В гостинице, помнящей беззаботный смех юной Катрин, она внимательно следила за тем, чтобы не быть узнанной и не выдать себя.
Следуя совету Яна ван Эйка, она представилась дамой Бернеберге, совершающей паломничество в Брюгге и стремящейся излечиться от болезни. Естественно, ее внешний вид соответствовал избранному персонажу: головной убор причудливой формы прикрывал лицо, строгий нагрудник скрывал плечи и шею и доходил до нижней губы. Не было видно ни единого золотого волоска, платье из серого сукна немецкого покроя надежно скрывало ее прелестные формы.
Беранже, возмущенный необычным нарядом своей обычно столь элегантной хозяйки, вынужден был довольствоваться коротким объяснением:
– Когда-то я долго жила в этом городе, и здесь могут узнать меня. Я, конечно, не настолько самонадеянна, чтобы считать себя незабвенной, и убеждена, что меня давно забыли, но предпочитаю не рисковать. К тому же у меня появится шанс быть принятой супругой нашего друга ван Эйка, если мы с ней встретимся.

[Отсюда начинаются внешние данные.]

lemma automorphism_splitting_at_pi:
  fixes as bs :: "rat list"
  assumes "sorted_wrt (<) (as @ bs)"
  shows "\<exists>f. strict_mono f \<and> surj f \<and> f ` set as \<subseteq> below_pi \<and> f ` set bs \<subseteq> above_pi"
proof -
  define ls :: "rat list" where "ls = map (\<lambda>i. of_nat i - of_nat (length as)) [0..<length as]"
  define hs :: "rat list" where "hs = map (\<lambda>i. 4 + of_nat i) [0..<length bs]"
  have "set ls \<subseteq> below_pi"
  proof
    fix x assume "x \<in> set ls"
    then have "real_of_rat x < 0" by (auto simp: ls_def)
    then show "x \<in> below_pi" using pi_gt_zero unfolding below_pi_def mem_Collect_eq by linarith
  qed
  moreover have "set hs \<subseteq> above_pi"
  proof
    fix x assume "x \<in> set hs"
    then have "4 \<le> real_of_rat x"
      by (auto simp: hs_def of_rat_add)
    then show "x \<in> above_pi" using pi_less_4 unfolding above_pi_def mem_Collect_eq by linarith
  qed
  moreover have "sorted_wrt (<) (ls @ hs)"
    by (force simp: ls_def hs_def sorted_wrt_append sorted_wrt_map)
  then obtain f where f: "strict_mono f" "surj f" and "map f (as @ bs) = ls @ hs"
    using strict_mono_surj_extends_sorted[OF assms] by (force simp: ls_def hs_def)
  then have "map f as = ls" "map f bs = hs"
    by (simp_all add: ls_def hs_def)
  ultimately show ?thesis
    using f by (metis set_map)
qed

lemma sorted_wrt_map_strict_mono_on:
  assumes "sorted_wrt (<) xs" and "strict_mono_on A f" and "set xs \<subseteq> A"
  shows "sorted_wrt (<) (map f xs)"
  using assms by (auto intro: sorted_wrt_map_mono dest: strict_mono_onD)

definition cyclically_sorted :: "'a::linorder list \<Rightarrow> bool" where
  "cyclically_sorted xs \<longleftrightarrow> (\<exists>ys k. sorted_wrt (<) ys \<and> xs = rotate k ys)"

lemma cyclically_sorted_rotate:
  "sorted_wrt (<) ys \<Longrightarrow> cyclically_sorted (rotate k ys)"
  unfolding cyclically_sorted_def by blast

lemma cyclically_sorted_pair:
  "p < q \<Longrightarrow> cyclically_sorted [p, q] \<and> cyclically_sorted [q, p]"
  using cyclically_sorted_rotate[of "[p, q]" 0] cyclically_sorted_rotate[of "[p, q]" 1] by simp

lemma cyclically_sorted_triple:
  "p < q \<Longrightarrow> q < r \<Longrightarrow>
    cyclically_sorted [p, q, r] \<and> cyclically_sorted [q, r, p] \<and> cyclically_sorted [r, p, q]"
  using cyclically_sorted_rotate[of "[p, q, r]" 0] cyclically_sorted_rotate[of "[p, q, r]" 1]
    cyclically_sorted_rotate[of "[p, q, r]" 2]
  by (simp add: numeral_2_eq_2)

lemma cyclically_sorted_short_distinct:
  fixes xs :: "'a::linordered_ab_group_add list"
  assumes "distinct xs" and "length xs \<le> 3"
  shows "cyclically_sorted xs \<or> cyclically_sorted (map uminus xs)"
proof -
  have "xs = [] \<or> (\<exists>a. xs = [a]) \<or> (\<exists>a b. xs = [a, b]) \<or> (\<exists>a b c. xs = [a, b, c])"
    using assms(2) by (auto simp: le_Suc_eq numeral_3_eq_3 numeral_2_eq_2 length_Suc_conv)
  moreover have "cyclically_sorted [a, b] \<or> cyclically_sorted [-a, -b]" if "a \<noteq> b" for a b :: 'a
    using that cyclically_sorted_pair[of a b] cyclically_sorted_pair[of b a] by (auto simp: neq_iff)
  moreover have "cyclically_sorted [a, b, c] \<or> cyclically_sorted [-a, -b, -c]"
    if distinct: "distinct [a, b, c]" for a b c :: 'a
  proof -
    consider "a < b" "b < c" | "b < c" "c < a" | "c < a" "a < b"
      | "c < b" "b < a" | "b < a" "a < c" | "a < c" "c < b"
      using distinct by (auto simp: neq_iff)
    then show ?thesis
      using cyclically_sorted_triple[of a b c] cyclically_sorted_triple[of b c a]
        cyclically_sorted_triple[of c a b] cyclically_sorted_triple[of "-a" "-b" "-c"]
        cyclically_sorted_triple[of "-b" "-c" "-a"] cyclically_sorted_triple[of "-c" "-a" "-b"]
      by cases simp_all
  qed
  moreover have "cyclically_sorted ([] :: 'a list)" "cyclically_sorted [a]" for a :: 'a
    using cyclically_sorted_rotate[of "[]" 0] cyclically_sorted_rotate[of "[a]" 0] by simp_all
  ultimately show ?thesis
    using assms(1) by fastforce
qed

– Это действительно благоразумно, – вздохнул Готье. – Если я правильно понял, это – настоящая мегера. Я надеюсь, что нам удастся избежать этой встречи.

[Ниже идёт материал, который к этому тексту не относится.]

(* Let $\mathcal{R},\mathcal{R}_1,\ldots,\mathcal{R}_s,\mathcal{C},\mathcal{C}_1,\ldots,\mathcal{C}_t$ be partitions of $\{1,\ldots,n\}$ such that $\mathcal{R}$ is finer than each $\mathcal{R}_i$ and $\mathcal{C}$ is finer than each $\mathcal{C}_j$. Then \[ \mathcal{L}(\mathcal{R}_i\times\mathcal{C}:\ 1\le i\le s)\cap\mathcal{L}(\mathcal{R}\times\mathcal{C}_j:\ 1\le j\le t)=\mathcal{L}(\mathcal{R}_i\times\mathcal{C}_j:\ 1\le i\le s,\ 1\le j\le t). \]
   Context: $S_n$ is the group of permutations of $\{1,\ldots,n\}$. A partition $\mathcal{Z}$ is finer than $\mathcal{W}$ if every block of $\mathcal{Z}$ lies in some block of $\mathcal{W}$. For partitions $\mathcal{R}=(R_i)$, $\mathcal{C}=(C_j)$ of $\{1,\ldots,n\}$, the product partition $\mathcal{R}\times\mathcal{C}=(R_i\times C_j)$ of the $n\times n$ board has marginal $|\pi_{\mathcal{R}\times\mathcal{C}}|=(t_{ij})$, $t_{ij}=|\{s:(s,\pi(s))\in R_i\times C_j\}|$, for $\pi\in S_n$. $U^{\mathcal{B}}=\{v\in\mathbb{R}^{S_n}: |\pi_{\mathcal{B}}|=|\sigma_{\mathcal{B}}|\Rightarrow v(\pi)=v(\sigma)\}$. The log-linear model $\mathcal{L}(\mathcal{B}_1,\ldots,\mathcal{B}_m)$ is the set of strictly positive probability distributions $p$ on $S_n$ with $\log p\in\mathrm{Span}(U^{\mathcal{B}_1},\ldots,U^{\mathcal{B}_m})$. *)

theory Defs
  imports "HOL-Analysis.Analysis" "HOL-Combinatorics.Combinatorics" "HOL-Library.Disjoint_Sets" "HOL-Library.Function_Algebras"
begin

text \<open>The symmetric group S_n: permutations of {1..n}, as functions nat => nat
  that are the identity outside {1..n}.\<close>
definition Sym :: "nat \<Rightarrow> (nat \<Rightarrow> nat) set" where
  "Sym n = {\<pi>. \<pi> permutes {1..n}}"

definition finer :: "'a set set \<Rightarrow> 'a set set \<Rightarrow> bool" where
  "finer Z W \<longleftrightarrow> (\<forall>A\<in>Z. \<exists>B\<in>W. A \<subseteq> B)"

definition marg_entry :: "nat \<Rightarrow> (nat \<Rightarrow> nat) \<Rightarrow> nat set \<Rightarrow> nat set \<Rightarrow> nat" where
  "marg_entry n \<pi> A B = card {s \<in> {1..n}. s \<in> A \<and> \<pi> s \<in> B}"

definition marginal :: "nat \<Rightarrow> nat set set \<times> nat set set \<Rightarrow> (nat \<Rightarrow> nat) \<Rightarrow> (nat set \<times> nat set \<Rightarrow> nat)" where
  "marginal n RC \<pi> = (\<lambda>(A, B). if A \<in> fst RC \<and> B \<in> snd RC then marg_entry n \<pi> A B else 0)"

text \<open>Vectors in R^{S_n} are functions on S_n; we represent them as functions
  (nat => nat) => real that vanish outside S_n.\<close>
definition vecs :: "nat \<Rightarrow> ((nat \<Rightarrow> nat) \<Rightarrow> real) set" where
  "vecs n = {v. \<forall>\<pi>. \<pi> \<notin> Sym n \<longrightarrow> v \<pi> = 0}"

definition U :: "nat \<Rightarrow> nat set set \<times> nat set set \<Rightarrow> ((nat \<Rightarrow> nat) \<Rightarrow> real) set" where
  "U n RC = {v \<in> vecs n. \<forall>\<pi>\<in>Sym n. \<forall>\<sigma>\<in>Sym n.
              marginal n RC \<pi> = marginal n RC \<sigma> \<longrightarrow> v \<pi> = v \<sigma>}"

definition fscale :: "real \<Rightarrow> ((nat \<Rightarrow> nat) \<Rightarrow> real) \<Rightarrow> ((nat \<Rightarrow> nat) \<Rightarrow> real)" where
  "fscale r v = (\<lambda>x. r * v x)"

abbreviation fspan :: "((nat \<Rightarrow> nat) \<Rightarrow> real) set \<Rightarrow> ((nat \<Rightarrow> nat) \<Rightarrow> real) set" where
  "fspan \<equiv> module.span fscale"

definition loglin :: "nat \<Rightarrow> (nat set set \<times> nat set set) set \<Rightarrow> ((nat \<Rightarrow> nat) \<Rightarrow> real) set" where
  "loglin n F = {p. (\<forall>\<pi>\<in>Sym n. p \<pi> > 0) \<and> (\<forall>\<pi>. \<pi> \<notin> Sym n \<longrightarrow> p \<pi> = 0)
      \<and> (\<Sum>\<pi>\<in>Sym n. p \<pi>) = 1
      \<and> (\<lambda>\<pi>. if \<pi> \<in> Sym n then ln (p \<pi>) else 0) \<in> fspan (\<Union>B\<in>F. U n B)}"

end

theory Submission
  imports Defs
begin

(* For partitions A, B of {1..n} let H_A, H_B be their block stabilisers in S_n.
   Two permutations have the same (A x B)-marginal iff they lie in the same double coset
   H_B pi H_A, so U^(A x B) is the space of vectors on S_n that are invariant under H_B acting
   from the left and under H_A acting from the right.

   Since R refines every R_i and C refines every C_j, H_C is contained in H_(C_j) and H_R in
   H_(R_i), which gives U^(R_i x C_j) <= U^(R_i x C) and U^(R_i x C_j) <= U^(R x C_j), hence
   the inclusion of the right-hand side in the intersection.  For the converse, the span X of
   the right H_(R_i)-invariant vectors is stable under left translation by S_n, so it has an
   S_n-equivariant linear projection P (an averaged projection); applying P to a vector in the
   span of the U^(R x C_j) and then averaging over H_(C_j) from the left exhibits it in the
   span of the U^(R_i x C_j).  The statement about log-linear models is then immediate, since
   the models are defined by the spans alone. *)

interpretation FV: vector_space fscale
  by unfold_locales (auto simp: fscale_def algebra_simps)

interpretation FVP: vector_space_pair fscale fscale ..

definition perm_group :: "('a \<Rightarrow> 'a) set \<Rightarrow> bool" where
  "perm_group G \<longleftrightarrow> id \<in> G \<and> (\<forall>g\<in>G. bij g \<and> inv g \<in> G) \<and> (\<forall>g\<in>G. \<forall>h\<in>G. g \<circ> h \<in> G)"

lemma perm_groupD:
  assumes "perm_group G"
  shows perm_group_id: "id \<in> G"
    and perm_group_bij: "\<And>g. g \<in> G \<Longrightarrow> bij g"
    and perm_group_inv: "\<And>g. g \<in> G \<Longrightarrow> inv g \<in> G"
    and perm_group_comp: "\<And>g h. g \<in> G \<Longrightarrow> h \<in> G \<Longrightarrow> g \<circ> h \<in> G"
  using assms unfolding perm_group_def by blast+

lemma perm_group_inv_cancel:
  assumes "perm_group G" "g \<in> G"
  shows "g \<circ> inv g = id" "inv g \<circ> g = id"
  using perm_group_bij[OF assms]
  by (simp_all add: bij_is_surj bij_is_inj surj_iff[symmetric] inj_iff[symmetric])

lemma perm_group_comp_iff:
  assumes G: "perm_group G" and g: "g \<in> G"
  shows "g \<circ> \<pi> \<in> G \<longleftrightarrow> \<pi> \<in> G" and "\<pi> \<circ> g \<in> G \<longleftrightarrow> \<pi> \<in> G"
proof -
  have "\<pi> = inv g \<circ> (g \<circ> \<pi>)" "\<pi> = (\<pi> \<circ> g) \<circ> inv g"
    using perm_group_inv_cancel[OF G g] by (simp_all add: comp_assoc[symmetric] comp_assoc)
  then show "g \<circ> \<pi> \<in> G \<longleftrightarrow> \<pi> \<in> G" and "\<pi> \<circ> g \<in> G \<longleftrightarrow> \<pi> \<in> G"
    using perm_group_comp[OF G] perm_group_inv[OF G g] g by metis+
qed

lemma perm_group_sum_left:
  assumes G: "perm_group G" and h: "h \<in> G"
  shows "(\<Sum>g\<in>G. f (h \<circ> g)) = (\<Sum>g\<in>G. f g)"
proof (rule sum.reindex_bij_witness[where i="\<lambda>g. inv h \<circ> g" and j="\<lambda>g. h \<circ> g"])
  fix g assume "g \<in> G"
  show "inv h \<circ> (h \<circ> g) = g" "h \<circ> (inv h \<circ> g) = g"
    using perm_group_inv_cancel[OF G h] by (simp_all add: comp_assoc[symmetric])
  show "inv h \<circ> g \<in> G" "h \<circ> g \<in> G"
    using perm_group_comp[OF G] perm_group_inv[OF G h] h \<open>g \<in> G\<close> by blast+
qed simp

lemma perm_group_sum_right:
  assumes G: "perm_group G" and h: "h \<in> G"
  shows "(\<Sum>g\<in>G. f (g \<circ> h)) = (\<Sum>g\<in>G. f g)"
proof (rule sum.reindex_bij_witness[where i="\<lambda>g. g \<circ> inv h" and j="\<lambda>g. g \<circ> h"])
  fix g assume "g \<in> G"
  show "g \<circ> h \<circ> inv h = g" "g \<circ> inv h \<circ> h = g"
    using perm_group_inv_cancel[OF G h] by (simp_all add: comp_assoc)
  show "g \<circ> inv h \<in> G" "g \<circ> h \<in> G"
    using perm_group_comp[OF G] perm_group_inv[OF G h] h \<open>g \<in> G\<close> by blast+
qed simp

lemma perm_group_Sym: "perm_group (Sym n)"
  unfolding perm_group_def Sym_def
  by (auto simp: permutes_id permutes_inv permutes_compose permutes_bij)

lemma finite_Sym: "finite (Sym n)"
  unfolding Sym_def by (rule finite_permutations) simp

lemma Sym_in_range: "\<pi> \<in> Sym n \<Longrightarrow> \<pi> s \<in> {1..n} \<longleftrightarrow> s \<in> {1..n}"
  using permutes_in_image[of \<pi> "{1..n}" s] unfolding Sym_def by blast

lemma Sym_outside: "\<pi> \<in> Sym n \<Longrightarrow> s \<notin> {1..n} \<Longrightarrow> \<pi> s = s"
  using permutes_not_in[of \<pi> "{1..n}" s] unfolding Sym_def by blast

(* The space U^(A x B) turns out to consist of the vectors invariant under H_B from the
   left and under H_A from the right. *)
definition stab :: "nat \<Rightarrow> nat set set \<Rightarrow> (nat \<Rightarrow> nat) set" where
  "stab n P = {g \<in> Sym n. \<forall>b\<in>P. \<forall>x. g x \<in> b \<longleftrightarrow> x \<in> b}"

lemma stab_subset_Sym: "stab n P \<subseteq> Sym n"
  unfolding stab_def by blast

lemma perm_group_stab: "perm_group (stab n P)"
proof -
  have "inv g \<in> stab n P" if g: "g \<in> stab n P" for g
  proof -
    have gS: "g \<in> Sym n" using g stab_subset_Sym by blast
    have "inv g x \<in> b \<longleftrightarrow> x \<in> b" if "b \<in> P" for b x
    proof -
      have "g (inv g x) = x" using perm_group_inv_cancel(1)[OF perm_group_Sym gS] by (metis comp_apply id_apply)
      moreover have "g (inv g x) \<in> b \<longleftrightarrow> inv g x \<in> b" using g \<open>b \<in> P\<close> unfolding stab_def by blast
      ultimately show ?thesis by simp
    qed
    then show ?thesis using perm_group_inv[OF perm_group_Sym gS] unfolding stab_def by blast
  qed
  moreover have "g \<circ> h \<in> stab n P" if "g \<in> stab n P" "h \<in> stab n P" for g h
    using that perm_group_comp[OF perm_group_Sym] unfolding stab_def by auto
  moreover have "id \<in> stab n P"
    using perm_group_id[OF perm_group_Sym] unfolding stab_def by auto
  ultimately show ?thesis
    using perm_group_bij[OF perm_group_Sym] stab_subset_Sym unfolding perm_group_def by blast
qed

Катрин тоже на это надеялась. Она еще больше укрепилась в своем намерении не встречаться с ней, увидев ван Эйка, пришедшего на следующий день навестить ее в «Ронс-Куроне». Она с трудом узнала его: это был совсем другой человек. Вольный художник с горящим взором, словоохотливый посланник герцога, любезный и галантный попутчик, страстный друг – все исчезло, пред ней предстал серьезный, чопорный, знатный горожанин. Ян сделался вдруг грустнее всех других жителей Брюгге.
Ему понравилось строгое одеяние Катрин, и, подыгрывая ей, он поинтересовался о здоровье дамы Бернеберге и сообщил ей громким голосом, что церковный сторож часовни Сен-Сан будет этим вечером в ее распоряжении и отведет ее к святым мощам.
Катрин посоветовала Готье и Беранже осмотреть город, пока она будет готовиться к вечернему походу. Она решила, что обещанное свидание с церковным сторожем могло означать лишь то, что флорентийка примет ее сегодня вечером и ее пребывание в городе будет недолгим.
К вечеру, когда за ней пришел ван Эйк, она завернулась в черный плащ и с набожным видом проследовала за ним.
– Куда мы идем? – спросила она, когда они оказались на почтительном расстоянии от гостиницы.
– Я же вам сказал – к часовне!
– Мы действительно туда направляемся? Я думала…
– Мы сначала сходим туда. Нельзя, чтобы кто-то заподозрил о реальной причине вашего приезда. Видите ли, мы живем в такое время, что я должен проявлять исключительную осторожность, поскольку здесь не любят преданных слуг герцога Филиппа. Мы можем подвергнуться опасности из-за пустяка.
Несмотря на обуревавший Катрин страх, все возрастающий по мере приближения часа серьезного испытания, она достойно сыграла свою роль. Она опустилась на колени перед святой чашей, переливающейся в отблеске золота и бриллиантов, и принялась молить у Бога защиты и прощения за предстоящие грехи. Уже через час, если женщина окажется не такой ловкой, как ей говорили, она может умереть.
В полной тишине, со сжавшимся от страха сердцем, она вышла из святилища следом за ван Эйком. Они подошли к соседнему каналу и сели в лодку, где их уже поджидал незнакомый мужчина.
– Ты знаешь, куда ехать, – сказал художник, и ялик бесшумно заскользил по гладкой воде. Уже стемнело, но фонари, висящие на мостиках и на углах домов, освещали дорогу.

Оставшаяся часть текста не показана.